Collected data
■ ■ ■ ■
(* Let $X\ge 0$ be a random variable with an absolutely continuous distribution $P_X$ whose ordinary moments $\mu_n=\mathbb{E}[X^n]$ are finite for all $n\in\mathbb{N}$, and suppose that for some $q_0\in(0,1]$ $$\limsup_{n\to\infty}\frac{\ln\mu_n}{n^2}=\frac{\ln(1/q_0)}{2}.$$ Then $P_X$ is $q$-moment determinate for every $q\in(0,q_0)$. In particular, if $\limsup_{n\to\infty}\frac{\ln\mu_n}{n^2}=0$, then $P_X$ is $q$-moment determinate for every $q\in(0,1)$.
   Context: For $0<q<1$: the Jackson $q$-integral is $\int_0^a g(t)\,d_qt=a(1-q)\sum_{j=0}^\infty g(aq^j)q^j$ for $a>0$, and $\int_0^\infty g(t)\,d_qt=(1-q)\sum_{j\in\mathbb{Z}}g(q^j)q^j$. A function $f$ on $(0,\infty)$ is a $q$-density of $X$ (with distribution function $F_X$) if $F_X(x)=\int_0^x f(t)\,d_qt$ for all $x>0$; for a non-negative $X$ with $F_X$ continuous at $0$ (in particular for absolutely continuous $P_X$) a $q$-density exists, namely $f(t)=\frac{F_X(t)-F_X(qt)}{t(1-q)}$. The $n$-th $q$-moment is $m_q(n;X)=\int_0^\infty t^nf(t)\,d_qt=(1-q)\sum_{j\in\mathbb{Z}}q^{j(n+1)}f(q^j)$. Write $f\sim g$ iff $f(q^j)=g(q^j)$ for all $j\in\mathbb{Z}$. $P_X$ (with $q$-density $f$ and finite $q$-moments of all orders) is $q$-moment determinate if every random variable $Y$ with $q$-density $g$ and $m_q(k;Y)=m_q(k;X)$ for all $k\in\mathbb{N}_0$ satisfies $f\sim g$. *)

theory Defs
  imports "HOL-Probability.Probability"
begin

definition distr_fun :: "real measure \<Rightarrow> real \<Rightarrow> real" where
  "distr_fun P x = measure P {..x}"

definition jackson_int_has :: "real \<Rightarrow> (real \<Rightarrow> real) \<Rightarrow> real \<Rightarrow> real \<Rightarrow> bool" where
  "jackson_int_has q g a I \<longleftrightarrow> (\<lambda>j::nat. a * (1 - q) * (g (a * q ^ j) * q ^ j)) sums I"

definition q_density :: "real \<Rightarrow> real measure \<Rightarrow> (real \<Rightarrow> real) \<Rightarrow> bool" where
  "q_density q P f \<longleftrightarrow> (\<forall>x>0. jackson_int_has q f x (distr_fun P x))"

definition q_moment_has :: "real \<Rightarrow> (real \<Rightarrow> real) \<Rightarrow> nat \<Rightarrow> real \<Rightarrow> bool" where
  "q_moment_has q f n m \<longleftrightarrow>
     ((\<lambda>j::int. (1 - q) * (q powi (j * (int n + 1)) * f (q powi j))) has_sum m) UNIV"

definition q_moment :: "real \<Rightarrow> (real \<Rightarrow> real) \<Rightarrow> nat \<Rightarrow> real" where
  "q_moment q f n = (\<Sum>\<^sub>\<infinity>j::int. (1 - q) * (q powi (j * (int n + 1)) * f (q powi j)))"

definition q_moments_finite :: "real \<Rightarrow> (real \<Rightarrow> real) \<Rightarrow> bool" where
  "q_moments_finite q f \<longleftrightarrow> (\<forall>n. \<exists>m. q_moment_has q f n m)"

definition q_moment_determinate :: "real \<Rightarrow> real measure \<Rightarrow> bool" where
  "q_moment_determinate q P \<longleftrightarrow>
     (\<exists>f. q_density q P f \<and> q_moments_finite q f \<and>
        (\<forall>(Q::real measure) g. prob_space Q \<and> sets Q = sets borel \<and> q_density q Q g \<and>
            (\<forall>k. q_moment_has q g k (q_moment q f k))
          \<longrightarrow> (\<forall>j::int. f (q powi j) = g (q powi j))))"

end

theory Submission
  imports Defs "HOL-Real_Asymp.Real_Asymp"
begin

text \<open>
  For \<open>t > 0\<close>, \<open>f t = (F t - F (q t)) / (t (1 - q))\<close> is a \<open>q\<close>-density of \<open>P\<close>, and for every
  \<open>q\<close>-density \<open>g\<close> of a distribution \<open>Q\<close> the \<open>n\<close>-th \<open>q\<close>-moment is \<open>\<Sum>\<^sub>j m\<^sub>j q\<^sup>j\<^sup>n\<close> with
  \<open>m\<^sub>j = Q (q^(j+1), q^j]\<close>, while \<open>g\<close> itself is determined on the lattice \<open>q^\<int>\<close> by the \<open>m\<^sub>j\<close>.
  So it suffices to show that two nonnegative weight sequences on \<open>q^\<int>\<close> with the same power
  moments \<open>s\<^sub>n\<close> coincide. Pairing their difference \<open>d\<close> with \<open>x^M \<Prod>\<^sub>k\<^sub><\<^sub>N (1 - x q^(k+1-j0))\<close>,
  whose zeros are the \<open>N\<close> lattice points just above \<open>q^j0\<close>, isolates \<open>d\<^sub>j\<^sub>0\<close> up to an error of
  order \<open>s\<^sub>0 q^((j0+1) M) + q^(N(N+1)/2 - N j0) s\<^sub>M\<^sub>+\<^sub>N\<close>. Since \<open>s\<^sub>n \<le> \<mu>\<^sub>n / q^n\<close> and the \<open>limsup\<close>
  hypothesis gives \<open>\<mu>\<^sub>n \<le> exp (\<beta> n^2)\<close> for some \<open>\<beta> < ln (1/q) / 2\<close>, the second error term vanishes
  as \<open>N \<rightarrow> \<infinity>\<close>, and then the first as \<open>M \<rightarrow> \<infinity>\<close>.
\<close>

lemma has_sum_diff:
  fixes f g :: "'a \<Rightarrow> real"
  assumes "(f has_sum a) A" "(g has_sum b) A"
  shows "((\<lambda>x. f x - g x) has_sum (a - b)) A"
proof -
  have "((\<lambda>x. - g x) has_sum (- b)) A" using assms(2) by (simp add: has_sum_uminus)
  from has_sum_add[OF assms(1) this] show ?thesis by simp
qed

lemma has_sum_zero_term_bound:
  fixes f h :: "'a \<Rightarrow> real"
  assumes f: "(f has_sum 0) UNIV" and h: "(h has_sum H) UNIV"
    and bound: "\<And>x. x \<noteq> x0 \<Longrightarrow> \<bar>f x\<bar> \<le> h x" and "0 \<le> h x0"
  shows "\<bar>f x0\<bar> \<le> H"
proof -
  have rest_f: "(f has_sum (- f x0)) (UNIV - {x0})"
    using has_sum_Diff[OF f has_sum_finite[of "{x0}"]] by simp
  have rest_h: "(h has_sum (H - h x0)) (UNIV - {x0})"
    using has_sum_Diff[OF h has_sum_finite[of "{x0}"]] by simp
  have "- f x0 \<le> H - h x0"
    by (rule has_sum_mono[OF rest_f rest_h]) (use bound abs_le_D1 in blast)
  moreover have "((\<lambda>x. - f x) has_sum f x0) (UNIV - {x0})"
    using rest_f by (simp add: has_sum_uminus)
  then have "f x0 \<le> H - h x0"
    by (rule has_sum_mono[OF _ rest_h]) (use bound abs_le_D2 in blast)
  ultimately show ?thesis using \<open>0 \<le> h x0\<close> by linarith
qed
■ ■ ■ ■
All lines in the entries above that include "error" should be found and copied.

◆ **Written solution**
  whose zeros are the \<open>N\<close> lattice points just above \<open>q^j0\<close>, isolates \<open>d\<^sub>j\<^sub>0\<close> up to an error of
  hypothesis gives \<open>\<mu>\<^sub>n \<le> exp (\<beta> n^2)\<close> for some \<open>\<beta> < ln (1/q) / 2\<close>, the second error term vanishes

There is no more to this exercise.